-- PROBLEM --
Restate each record exactly as it was written.

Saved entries
(* Let $G$ be an almost hypohamiltonian graph with exceptional vertex $w$, and let $M$ be a $3$-edge-cut in $G$ (a set of three edges whose removal disconnects $G$). Then $G - M$ has exactly two components $A_1$ and $A_2$, with $A_1 \cong K_1$ and $A_2 \not\cong K_1$. In particular, almost hypohamiltonian graphs are cyclically $4$-edge-connected.
   Context: All graphs are finite, undirected, connected, without loops or multiple edges. A graph is hamiltonian if it has a cycle through all its vertices. A non-hamiltonian graph $G$ is almost hypohamiltonian if there exists a vertex $w$ (the exceptional vertex) such that $G - w$ is non-hamiltonian and $G - v$ is hamiltonian for every vertex $v \neq w$. A graph is cyclically $4$-edge-connected if no edge set of size less than $4$ separates it into two components each containing a cycle. *)

theory Defs
  imports Main
begin

definition simple_graph :: "'a set \<Rightarrow> 'a set set \<Rightarrow> bool" where
  "simple_graph V E \<longleftrightarrow> finite V \<and>
     (\<forall>e\<in>E. \<exists>u v. e = {u, v} \<and> u \<noteq> v \<and> u \<in> V \<and> v \<in> V)"

definition reachable :: "'a set \<Rightarrow> 'a set set \<Rightarrow> 'a \<Rightarrow> 'a \<Rightarrow> bool" where
  "reachable V E u v \<longleftrightarrow> u \<in> V \<and> v \<in> V \<and>
     (u, v) \<in> {(x, y). x \<in> V \<and> y \<in> V \<and> {x, y} \<in> E}\<^sup>*"

definition connected_graph :: "'a set \<Rightarrow> 'a set set \<Rightarrow> bool" where
  "connected_graph V E \<longleftrightarrow> V \<noteq> {} \<and> (\<forall>u\<in>V. \<forall>v\<in>V. reachable V E u v)"

definition components :: "'a set \<Rightarrow> 'a set set \<Rightarrow> 'a set set" where
  "components V E = {{v. reachable V E u v} | u. u \<in> V}"

definition is_cycle :: "'a set set \<Rightarrow> 'a list \<Rightarrow> bool" where
  "is_cycle E vs \<longleftrightarrow> length vs \<ge> 3 \<and> distinct vs \<and>
     (\<forall>i < length vs. {vs ! i, vs ! ((i + 1) mod length vs)} \<in> E)"

definition hamiltonian :: "'a set \<Rightarrow> 'a set set \<Rightarrow> bool" where
  "hamiltonian V E \<longleftrightarrow> (\<exists>vs. is_cycle E vs \<and> set vs = V)"

definition del_vertex_V :: "'a set \<Rightarrow> 'a \<Rightarrow> 'a set" where
  "del_vertex_V V v = V - {v}"

definition del_vertex_E :: "'a set set \<Rightarrow> 'a \<Rightarrow> 'a set set" where
  "del_vertex_E E v = {e \<in> E. v \<notin> e}"

definition almost_hypohamiltonian :: "'a set \<Rightarrow> 'a set set \<Rightarrow> 'a \<Rightarrow> bool" where
  "almost_hypohamiltonian V E w \<longleftrightarrow>
     simple_graph V E \<and> connected_graph V E \<and> \<not> hamiltonian V E \<and> w \<in> V \<and>
     \<not> hamiltonian (del_vertex_V V w) (del_vertex_E E w) \<and>
     (\<forall>v\<in>V. v \<noteq> w \<longrightarrow> hamiltonian (del_vertex_V V v) (del_vertex_E E v))"

definition contains_cycle :: "'a set \<Rightarrow> 'a set set \<Rightarrow> bool" where
  "contains_cycle C E \<longleftrightarrow> (\<exists>vs. is_cycle E vs \<and> set vs \<subseteq> C)"

definition cyclically_4_edge_connected :: "'a set \<Rightarrow> 'a set set \<Rightarrow> bool" where
  "cyclically_4_edge_connected V E \<longleftrightarrow>
     (\<forall>F \<subseteq> E. card F < 4 \<longrightarrow>
        \<not> (\<exists>C1 C2. components V (E - F) = {C1, C2} \<and> C1 \<noteq> C2 \<and>
                   contains_cycle C1 (E - F) \<and> contains_cycle C2 (E - F)))"

end

theory Submission
  imports Defs
begin

(* Let (A, B) be a partition of the vertices of an almost hypohamiltonian graph G with
   |A|, |B| >= 2 and at most three edges between A and B, where w is not in B. For y in A - {w},
   a hamiltonian cycle of G - y crosses the cut an even, positive number of times, hence exactly
   twice, so it splits into a hamiltonian path of A - y and one of B joined by two cut edges.
   Choose x in B on the remaining cut edge (if any). The hamiltonian cycle of G - x then uses the
   same two cut edges, so its path through A ends at the same two cut edges as the path through B
   found before, and the two paths close up to a hamiltonian cycle of G: a contradiction.
   Hence a cut with at most three edges isolates a single vertex. Since all degrees are at least
   3, a 3-edge-cut consists of the edges at that vertex, which rules out a third component, and
   two components containing cycles cannot be separated by fewer than four edges. *)

fun walk :: "'a set set \<Rightarrow> 'a list \<Rightarrow> bool" where
  "walk E (x # y # xs) \<longleftrightarrow> {x, y} \<in> E \<and> walk E (y # xs)"
| "walk E _ \<longleftrightarrow> True"

lemma walk_iff_nth: "walk E xs \<longleftrightarrow> (\<forall>i. Suc i < length xs \<longrightarrow> {xs ! i, xs ! Suc i} \<in> E)"
proof (induction E xs rule: walk.induct)
  case (1 E x y xs)
  then show ?case by (auto simp: nth_Cons All_less_Suc2 split: nat.splits)
qed (auto simp: less_Suc_eq_0_disj)
lemma inner_on_add_scaled: "inner_on V u (\<lambda>x. a x + t * b x) = inner_on V u a + t * inner_on V u b"
  unfolding inner_on_def sum_distrib_left sum.distrib[symmetric]
  by (intro sum.cong refl) (simp add: algebra_simps)

lemma inner_on_scale: "inner_on V u (\<lambda>x. t * y x) = t * inner_on V u y"
  using inner_on_add_scaled[of V u "\<lambda>_. 0" t y] by (simp add: inner_on_def)

lemma sum_sq_add_scaled:
  "sum_sq V (\<lambda>x. a x + t * b x) = sum_sq V a + 2 * t * inner_on V a b + t\<^sup>2 * sum_sq V b"
  unfolding sum_sq_def inner_on_def sum_distrib_left power2_eq_square sum.distrib[symmetric]
  by (intro sum.cong refl) (simp add: algebra_simps)

lemma sum_sq_scale: "sum_sq V (\<lambda>x. t * y x) = t\<^sup>2 * sum_sq V y"
  unfolding sum_sq_def sum_distrib_left by (simp add: power_mult_distrib)

lemma quad_form_add_scaled:
  assumes "symmetric_on V M"
  shows "quad_form V M (\<lambda>x. a x + t * b x)
    = quad_form V M a + 2 * t * inner_on V b (mat_vec V M a) + t\<^sup>2 * quad_form V M b"
proof -
  have "quad_form V M (\<lambda>x. a x + t * b x) = quad_form V M a
      + t * (inner_on V a (mat_vec V M b) + inner_on V b (mat_vec V M a)) + t\<^sup>2 * quad_form V M b"
    unfolding quad_form_def inner_on_def mat_vec_def sum_distrib_left power2_eq_square
      sum.distrib[symmetric]
    by (intro sum.cong refl) (simp add: algebra_simps)
  then show ?thesis using inner_on_mat_vec_commute[OF assms, of a b] by simp
qed

lemma quad_form_scale: "quad_form V M (\<lambda>x. t * y x) = t\<^sup>2 * quad_form V M y"
  unfolding quad_form_def sum_distrib_left power2_eq_square
  by (intro sum.cong refl) (simp add: algebra_simps)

-- ANSWER TO THE PROBLEM --
(* Let $G$ be an almost hypohamiltonian graph with exceptional vertex $w$, and let $M$ be a $3$-edge-cut in $G$ (a set of three edges whose removal disconnects $G$). Then $G - M$ has exactly two components $A_1$ and $A_2$, with $A_1 \cong K_1$ and $A_2 \not\cong K_1$. In particular, almost hypohamiltonian graphs are cyclically $4$-edge-connected.
   Context: All graphs are finite, undirected, connected, without loops or multiple edges. A graph is hamiltonian if it has a cycle through all its vertices. A non-hamiltonian graph $G$ is almost hypohamiltonian if there exists a vertex $w$ (the exceptional vertex) such that $G - w$ is non-hamiltonian and $G - v$ is hamiltonian for every vertex $v \neq w$. A graph is cyclically $4$-edge-connected if no edge set of size less than $4$ separates it into two components each containing a cycle. *)

theory Defs
  imports Main
begin

definition simple_graph :: "'a set \<Rightarrow> 'a set set \<Rightarrow> bool" where
  "simple_graph V E \<longleftrightarrow> finite V \<and>
     (\<forall>e\<in>E. \<exists>u v. e = {u, v} \<and> u \<noteq> v \<and> u \<in> V \<and> v \<in> V)"

definition reachable :: "'a set \<Rightarrow> 'a set set \<Rightarrow> 'a \<Rightarrow> 'a \<Rightarrow> bool" where
  "reachable V E u v \<longleftrightarrow> u \<in> V \<and> v \<in> V \<and>
     (u, v) \<in> {(x, y). x \<in> V \<and> y \<in> V \<and> {x, y} \<in> E}\<^sup>*"

definition connected_graph :: "'a set \<Rightarrow> 'a set set \<Rightarrow> bool" where
  "connected_graph V E \<longleftrightarrow> V \<noteq> {} \<and> (\<forall>u\<in>V. \<forall>v\<in>V. reachable V E u v)"

definition components :: "'a set \<Rightarrow> 'a set set \<Rightarrow> 'a set set" where
  "components V E = {{v. reachable V E u v} | u. u \<in> V}"

definition is_cycle :: "'a set set \<Rightarrow> 'a list \<Rightarrow> bool" where
  "is_cycle E vs \<longleftrightarrow> length vs \<ge> 3 \<and> distinct vs \<and>
     (\<forall>i < length vs. {vs ! i, vs ! ((i + 1) mod length vs)} \<in> E)"

definition hamiltonian :: "'a set \<Rightarrow> 'a set set \<Rightarrow> bool" where
  "hamiltonian V E \<longleftrightarrow> (\<exists>vs. is_cycle E vs \<and> set vs = V)"

definition del_vertex_V :: "'a set \<Rightarrow> 'a \<Rightarrow> 'a set" where
  "del_vertex_V V v = V - {v}"

definition del_vertex_E :: "'a set set \<Rightarrow> 'a \<Rightarrow> 'a set set" where
  "del_vertex_E E v = {e \<in> E. v \<notin> e}"

definition almost_hypohamiltonian :: "'a set \<Rightarrow> 'a set set \<Rightarrow> 'a \<Rightarrow> bool" where
  "almost_hypohamiltonian V E w \<longleftrightarrow>
     simple_graph V E \<and> connected_graph V E \<and> \<not> hamiltonian V E \<and> w \<in> V \<and>
     \<not> hamiltonian (del_vertex_V V w) (del_vertex_E E w) \<and>
     (\<forall>v\<in>V. v \<noteq> w \<longrightarrow> hamiltonian (del_vertex_V V v) (del_vertex_E E v))"

definition contains_cycle :: "'a set \<Rightarrow> 'a set set \<Rightarrow> bool" where
  "contains_cycle C E \<longleftrightarrow> (\<exists>vs. is_cycle E vs \<and> set vs \<subseteq> C)"

definition cyclically_4_edge_connected :: "'a set \<Rightarrow> 'a set set \<Rightarrow> bool" where
  "cyclically_4_edge_connected V E \<longleftrightarrow>
     (\<forall>F \<subseteq> E. card F < 4 \<longrightarrow>
        \<not> (\<exists>C1 C2. components V (E - F) = {C1, C2} \<and> C1 \<noteq> C2 \<and>
                   contains_cycle C1 (E - F) \<and> contains_cycle C2 (E - F)))"

end

theory Submission
  imports Defs
begin

(* Let (A, B) be a partition of the vertices of an almost hypohamiltonian graph G with
   |A|, |B| >= 2 and at most three edges between A and B, where w is not in B. For y in A - {w},
   a hamiltonian cycle of G - y crosses the cut an even, positive number of times, hence exactly
   twice, so it splits into a hamiltonian path of A - y and one of B joined by two cut edges.
   Choose x in B on the remaining cut edge (if any). The hamiltonian cycle of G - x then uses the
   same two cut edges, so its path through A ends at the same two cut edges as the path through B
   found before, and the two paths close up to a hamiltonian cycle of G: a contradiction.
   Hence a cut with at most three edges isolates a single vertex. Since all degrees are at least
   3, a 3-edge-cut consists of the edges at that vertex, which rules out a third component, and
   two components containing cycles cannot be separated by fewer than four edges. *)

fun walk :: "'a set set \<Rightarrow> 'a list \<Rightarrow> bool" where
  "walk E (x # y # xs) \<longleftrightarrow> {x, y} \<in> E \<and> walk E (y # xs)"
| "walk E _ \<longleftrightarrow> True"

lemma walk_iff_nth: "walk E xs \<longleftrightarrow> (\<forall>i. Suc i < length xs \<longrightarrow> {xs ! i, xs ! Suc i} \<in> E)"
proof (induction E xs rule: walk.induct)
  case (1 E x y xs)
  then show ?case by (auto simp: nth_Cons All_less_Suc2 split: nat.splits)
qed (auto simp: less_Suc_eq_0_disj)
lemma inner_on_add_scaled: "inner_on V u (\<lambda>x. a x + t * b x) = inner_on V u a + t * inner_on V u b"
  unfolding inner_on_def sum_distrib_left sum.distrib[symmetric]
  by (intro sum.cong refl) (simp add: algebra_simps)

lemma inner_on_scale: "inner_on V u (\<lambda>x. t * y x) = t * inner_on V u y"
  using inner_on_add_scaled[of V u "\<lambda>_. 0" t y] by (simp add: inner_on_def)

lemma sum_sq_add_scaled:
  "sum_sq V (\<lambda>x. a x + t * b x) = sum_sq V a + 2 * t * inner_on V a b + t\<^sup>2 * sum_sq V b"
  unfolding sum_sq_def inner_on_def sum_distrib_left power2_eq_square sum.distrib[symmetric]
  by (intro sum.cong refl) (simp add: algebra_simps)

lemma sum_sq_scale: "sum_sq V (\<lambda>x. t * y x) = t\<^sup>2 * sum_sq V y"
  unfolding sum_sq_def sum_distrib_left by (simp add: power_mult_distrib)

lemma quad_form_add_scaled:
  assumes "symmetric_on V M"
  shows "quad_form V M (\<lambda>x. a x + t * b x)
    = quad_form V M a + 2 * t * inner_on V b (mat_vec V M a) + t\<^sup>2 * quad_form V M b"
proof -
  have "quad_form V M (\<lambda>x. a x + t * b x) = quad_form V M a
      + t * (inner_on V a (mat_vec V M b) + inner_on V b (mat_vec V M a)) + t\<^sup>2 * quad_form V M b"
    unfolding quad_form_def inner_on_def mat_vec_def sum_distrib_left power2_eq_square
      sum.distrib[symmetric]
    by (intro sum.cong refl) (simp add: algebra_simps)
  then show ?thesis using inner_on_mat_vec_commute[OF assms, of a b] by simp
qed

lemma quad_form_scale: "quad_form V M (\<lambda>x. t * y x) = t\<^sup>2 * quad_form V M y"
  unfolding quad_form_def sum_distrib_left power2_eq_square
  by (intro sum.cong refl) (simp add: algebra_simps)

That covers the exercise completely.